##### TASK INPUT
(* Let $X$ be a Fréchet space and let $\Gamma:[0,1]\to ck(X)$ be Bochner measurable. Then there is a set $N\subseteq[0,1]$ with $\mu(N)=0$ such that $\bigcup_{t\in[0,1]\setminus N}\Gamma(t)$ is a separable subset of $X$.
   Context: $X$ is a Fréchet space with topology generated by an increasing sufficient sequence of seminorms $(p_i)$ and translation-invariant metric $d(x,y)=\sum_{i\ge1}2^{-i}\frac{p_i(x-y)}{1+p_i(x-y)}$. $cb(X)$ (resp. $ck(X)$) is the family of nonempty closed bounded convex (resp. compact convex) subsets of $X$; $H$ is the Hausdorff metric on $cb(X)$ induced by $d$. $\mu$ is Lebesgue measure on $[0,1]$. A simple multifunction is $\sum_{j=1}^p\chi_{A_j}C_j$ with $A_j$ pairwise disjoint Lebesgue measurable sets and $C_j\in cb(X)$. $\Gamma$ is Bochner measurable if there are simple multifunctions $\Gamma_n$ with $H(\Gamma_n(t),\Gamma(t))\to0$ for a.e. $t\in[0,1]$. *)

theory Defs
  imports "HOL-Analysis.Analysis"
begin

definition is_seminorm :: "('a::real_vector \<Rightarrow> real) \<Rightarrow> bool" where
  "is_seminorm q \<longleftrightarrow> (\<forall>x y. q (x + y) \<le> q x + q y) \<and> (\<forall>c x. q (c *\<^sub>R x) = \<bar>c\<bar> * q x)"

text \<open>The translation-invariant metric d(x,y) = sum_{i>=1} 2^{-i} p_i(x-y)/(1+p_i(x-y));
  the seminorm p_i of the paper is \<open>p (i-1)\<close> here (indices start at 0).\<close>
definition fdist :: "(nat \<Rightarrow> 'a::real_vector \<Rightarrow> real) \<Rightarrow> 'a \<Rightarrow> 'a \<Rightarrow> real" where
  "fdist p x y = (\<Sum>i. (1/2) ^ Suc i * (p i (x - y) / (1 + p i (x - y))))"

definition fr_topology :: "(nat \<Rightarrow> 'a::real_vector \<Rightarrow> real) \<Rightarrow> 'a topology" where
  "fr_topology p = topology (\<lambda>U. \<forall>x\<in>U. \<exists>i \<epsilon>. \<epsilon> > 0 \<and> {y. p i (y - x) < \<epsilon>} \<subseteq> U)"

definition frechet_seminorms :: "(nat \<Rightarrow> 'a::real_vector \<Rightarrow> real) \<Rightarrow> bool" where
  "frechet_seminorms p \<longleftrightarrow>
     (\<forall>i. is_seminorm (p i)) \<and>
     (\<forall>i x. p i x \<le> p (Suc i) x) \<and>
     (\<forall>x. (\<forall>i. p i x = 0) \<longrightarrow> x = 0) \<and>
     (\<forall>s::nat \<Rightarrow> 'a. (\<forall>e>0. \<exists>N. \<forall>m\<ge>N. \<forall>n\<ge>N. fdist p (s m) (s n) < e)
        \<longrightarrow> (\<exists>l. (\<lambda>n. fdist p (s n) l) \<longlonglongrightarrow> 0))"

definition fr_bounded :: "(nat \<Rightarrow> 'a::real_vector \<Rightarrow> real) \<Rightarrow> 'a set \<Rightarrow> bool" where
  "fr_bounded p C \<longleftrightarrow> (\<forall>i. \<exists>M. \<forall>x\<in>C. p i x \<le> M)"

definition cb :: "(nat \<Rightarrow> 'a::real_vector \<Rightarrow> real) \<Rightarrow> 'a set set" where
  "cb p = {C. C \<noteq> {} \<and> closedin (fr_topology p) C \<and> fr_bounded p C \<and> convex C}"

definition ck :: "(nat \<Rightarrow> 'a::real_vector \<Rightarrow> real) \<Rightarrow> 'a set set" where
  "ck p = {C. C \<noteq> {} \<and> compactin (fr_topology p) C \<and> convex C}"

definition fhaus :: "(nat \<Rightarrow> 'a::real_vector \<Rightarrow> real) \<Rightarrow> 'a set \<Rightarrow> 'a set \<Rightarrow> real" where
  "fhaus p A B = max (SUP a\<in>A. INF b\<in>B. fdist p a b) (SUP b\<in>B. INF a\<in>A. fdist p a b)"

text \<open>Simple multifunction \<open>\<Sum>j \<chi>_{A_j} C_j\<close> on [0,1]: value C_j on A_j and {0}
  (the empty Minkowski sum) outside all A_j.\<close>
definition simple_multifunction ::
  "(nat \<Rightarrow> 'a::real_vector \<Rightarrow> real) \<Rightarrow> (real \<Rightarrow> 'a set) \<Rightarrow> bool" where
  "simple_multifunction p G \<longleftrightarrow>
     (\<exists>(m::nat) (A :: nat \<Rightarrow> real set) (C :: nat \<Rightarrow> 'a set).
        (\<forall>j<m. A j \<in> sets lebesgue \<and> C j \<in> cb p) \<and>
        (\<forall>j<m. \<forall>k<m. j \<noteq> k \<longrightarrow> A j \<inter> A k = {}) \<and>
        (\<forall>t\<in>{0..1}. G t = (if \<exists>j<m. t \<in> A j then C (THE j. j < m \<and> t \<in> A j) else {0})))"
##########
§ ABOUT THIS EXERCISE
Among the lines of the data above, find those with the word "fhaus" and show them.

§ SOLUTION
definition fhaus :: "(nat \<Rightarrow> 'a::real_vector \<Rightarrow> real) \<Rightarrow> 'a set \<Rightarrow> 'a set \<Rightarrow> real" where
  "fhaus p A B = max (SUP a\<in>A. INF b\<in>B. fdist p a b) (SUP b\<in>B. INF a\<in>A. fdist p a b)"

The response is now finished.